BERLIN – For years, Germany’s government had contact with the organizers of the
Black September terror group that was responsible for the murder of 11 Israeli
sportsmen and a German police office at the 1972 Olympic Games, German newspaper
Der Spiegel reported Sunday.
Several months after the murders, the West
German government proposed a secret meeting between one of the organizers of the
Palestinian terrorist group and then-foreign minister Walter Scheel. The aim of
the clandestine meeting was to create a “new basis of trust,” according to Der
Spiegel.
Germany’s government demanded a quid pro quo.
The PLO
would cease attacks on German soil in exchange for a political upgrade. In
addition to granting political legitimacy to the PLO, the government would pull
the plug on any criminal charges for the murders in Munich.
Paul Frank,
the state secretary in the Foreign Ministry, sent a signal to the PLO that the
“Munich chapter” is now “closed,” Der Spiegel wrote.
The newsweekly
reported that when the French police arrested Abu Daoud (real name Muhammad
Daoud Oude) – one of the main organizers of the killing spree in Munich – and
inquired about extraditing him to the German authorities, Bavarian justice
secretary Alfred Seidl recommended that Germany take no action. The French
released Abu Daoud. Syria’s Assad regime protected Abu Daoud and the Fatah
terrorist in a Damascus hospital in 2010.
Germany today maintains a quid
pro quo policy toward the Lebanese terrorist group Hezbollah that is similar to
its posture toward Black September, according to German journalists and
intelligence officers.

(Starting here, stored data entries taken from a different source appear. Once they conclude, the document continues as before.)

(* Let $r\ge1$ and let $f:\mathbb{D}^r\times\mathbb{P}^1\to\mathbb{D}^r\times\mathbb{P}^1$, $(x,z)\mapsto(x,f_x(z))$, be a holomorphic family of maps of degree $d\geq2$ parametrized by the polydisk $\mathbb{D}^r\subset\mathbb{C}^r$, with a marked critical point $c:\mathbb{D}^r\to\mathbb{P}^1$. Assume that $c(0)$ is attracted to a parabolic fixed point at $z=0$ of $f_0$ (i.e. $f_0(0)=0$, $f_0'(0)$ is a root of unity, and $f_0^n(c(0))\to0$). Then for every constant $\rho>1$ there exists $\delta>0$ such that the functions $\alpha_n(x):=f^n_{x/\rho^n}(c(x/\rho^n))$ converge uniformly to $0$ on the polydisk $(\mathbb{D}_\delta)^r$ as $n\to\infty$.
   Context: $\mathbb{D}$ is the unit disk, $\mathbb{D}_\delta$ the disk of radius $\delta$ centered at $0$; $f^n_y$ denotes the $n$-th iterate of $f_y$. *)

theory Defs
  imports "HOL-Analysis.Analysis"
begin

text \<open>The Riemann sphere P^1 is modelled as complex option: Some z is the finite point z,
  None is the point at infinity.\<close>

type_synonym sphere = "complex option"

definition inv_pt :: "sphere \<Rightarrow> sphere" where
  "inv_pt q = (case q of None \<Rightarrow> Some 0
                | Some z \<Rightarrow> (if z = 0 then None else Some (1 / z)))"

text \<open>Standard chart of P^1 adapted to the point p (identity if p is finite,
  w = 1/z if p = \<infinity>), and its inverse.\<close>
definition coord :: "sphere \<Rightarrow> sphere \<Rightarrow> complex" where
  "coord p q = (case (if p = None then inv_pt q else q) of None \<Rightarrow> 0 | Some w \<Rightarrow> w)"

definition uncoord :: "sphere \<Rightarrow> complex \<Rightarrow> sphere" where
  "uncoord p w = (if p = None then inv_pt (Some w) else Some w)"

definition holo_on :: "(complex ^ 'r \<Rightarrow> complex) \<Rightarrow> (complex ^ 'r) set \<Rightarrow> bool" where
  "holo_on h S \<longleftrightarrow> (\<forall>x\<in>S. \<exists>D. (h has_derivative D) (at x) \<and> (\<forall>c v. D (c *s v) = c * D v))"
theorem lemma2:
  fixes a b c \<rho> \<epsilon> :: real
    and f :: "real \<Rightarrow> real \<Rightarrow> real" and g \<Phi> :: "real \<Rightarrow> real" and k :: "real \<Rightarrow> real \<Rightarrow> real"
  assumes ab: "0 \<le> a" "a \<le> b" "b \<le> 1"
    and c: "0 < c" "c \<le> 1"
    and H1_nonneg: "\<forall>t\<in>{0..1}. \<forall>x\<ge>0. f t x \<ge> 0"
    and H1_meas: "\<forall>u. continuous_on {0..1} u \<and> (\<forall>t\<in>{0..1}. u t \<ge> 0) \<longrightarrow>
                    (\<lambda>s. f s (u s)) \<in> borel_measurable (lebesgue_on {0..1})"
    and H1_bound: "\<forall>r>0. \<exists>R>0. AE t in lebesgue_on {0..1}. \<forall>x\<in>{0..r}. f t x \<le> R"
    and H2: "g \<in> borel_measurable (lebesgue_on {0..1})" "AE s in lebesgue_on {0..1}. g s \<ge> 0"
    and H3: "continuous_on ({0..1} \<times> {0..1}) (\<lambda>(t, s). k t s)"
            "\<forall>t\<in>{0..1}. \<forall>s\<in>{0..1}. k t s \<ge> 0"
    and H4: "\<Phi> \<in> borel_measurable (lebesgue_on {0..1})" "\<forall>s\<in>{0..1}. \<Phi> s \<ge> 0"
            "integrable (lebesgue_on {0..1}) (\<lambda>s. \<Phi> s * g s)"
            "integral\<^sup>L (lebesgue_on {a..b}) (\<lambda>s. \<Phi> s * g s) > 0"
            "\<forall>t\<in>{0..1}. \<forall>s\<in>{0..1}. k t s \<le> \<Phi> s"
            "\<forall>t\<in>{a..b}. \<forall>s\<in>{0..1}. c * \<Phi> s \<le> k t s"
    and TK: "hammT k g f ` coneK a b c \<subseteq> coneK a b c"
    and fixp: "\<forall>u \<in> coneK a b c \<inter> (\<Union>v\<in>coneK a b c. envelope (hammT k g f) (coneK a b c) v).
                 {u} \<inter> envelope (hammT k g f) (coneK a b c) u \<subseteq> {hammT k g f u}"
    and \<rho>: "\<rho> > 0" and \<epsilon>: "\<epsilon> > 0"
    and fbdd: "bdd_above ((\<lambda>(t, x). f t x / \<rho>) ` ({0..1} \<times> {0..\<rho> + \<epsilon>}))"
    and fsmall: "(SUP (t, x)\<in>{0..1} \<times> {0..\<rho> + \<epsilon>}. f t x / \<rho>)
                   < 1 / (SUP t\<in>{0..1}. integral\<^sup>L (lebesgue_on {0..1}) (\<lambda>s. k t s * g s))"
  shows "\<forall>u\<in>coneK a b c. norm u = \<rho> \<longrightarrow>
           (\<forall>lam\<ge>1. lam *\<^sub>R u \<notin> envelope (hammT k g f) (coneK a b c) u)"
proof (intro ballI impI allI)
  interpret hammerstein_kernel k g \<Phi>
    using H2 H3 H4 by unfold_locales auto
  define F where "F = (SUP (t, x)\<in>{0..1} \<times> {0..\<rho> + \<epsilon>}. f t x / \<rho>)"
  have f_le: "f t x \<le> \<rho> * F" if "t \<in> {0..1}" "x \<in> {0..\<rho> + \<epsilon>}" for t x
    using cSUP_upper2[OF fbdd, of "(t, x)" "f t x / \<rho>"] that \<rho> by (auto simp: F_def field_simps)
  have "0 \<le> f 0 0"
    using H1_nonneg by simp
  also have "\<dots> \<le> \<rho> * F"
    using \<rho> \<epsilon> by (intro f_le) auto
  finally have "0 \<le> F"
    using \<rho> by (simp add: zero_le_mult_iff)
  moreover have "F < 1 / kernel_sup"
    using fsmall unfolding F_def kernel_sup_def .
  ultimately have FM: "F * kernel_sup < 1"
    using kernel_sup_nonneg by (cases "kernel_sup = 0") (simp_all add: pos_less_divide_eq)
  have image_small: "hammT k g f ` (cball u \<epsilon> \<inter> coneK a b c) \<subseteq> cball 0 (\<rho> * F * kernel_sup)"
    if "norm u = \<rho>" for u
  proof clarify
    fix w assume w: "w \<in> cball u \<epsilon>" "w \<in> coneK a b c"
    have "norm w \<le> \<rho> + \<epsilon>"
      using norm_triangle_sub[of w u] w(1) that by (simp add: dist_norm norm_minus_commute)
    moreover have "\<forall>s\<in>{0..1}. 0 \<le> apply_bcontfun w s"
      using w(2) by (simp add: coneK_def)
    ultimately show "hammT k g f w \<in> cball 0 (\<rho> * F * kernel_sup)"
      using norm_hammT_le_of_growth_bound[where R="\<rho> + \<epsilon>" and B="\<rho> * F", OF H1_meas H1_nonneg f_le] by simp
  qed
  fix u and lam :: real assume "u \<in> coneK a b c" "norm u = \<rho>" "1 \<le> lam"
  have "envelope (hammT k g f) (coneK a b c) u \<subseteq> cball 0 (\<rho> * F * kernel_sup)"
    using envelope_subset_closed_convex[OF \<epsilon> image_small] \<open>norm u = \<rho>\<close> by auto
  moreover have "\<rho> * F * kernel_sup < norm (lam *\<^sub>R u)"
    using FM \<rho> \<open>norm u = \<rho>\<close> \<open>1 \<le> lam\<close> mult_right_mono[of 1 lam \<rho>] by (simp add: mult.assoc)
  ultimately show "lam *\<^sub>R u \<notin> envelope (hammT k g f) (coneK a b c) u"
    by auto
qed

end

The Federal Republic allows Hezbollah’s 950 active
members to work legally in Germany in exchange for not engaging in terrorism on
German soil.
Philipp Missfelder, Bundestag foreign policy spokesman for
Chancellor Angela Merkel’s party, wrote The Jerusalem Post last week, “It is
long overdue to place Hezbollah on the EU’s list of terror
organizations.”
The Berlin office of the American Jewish Committee issued
a statement last week calling on Merkel’s administration to ban Hezbollah.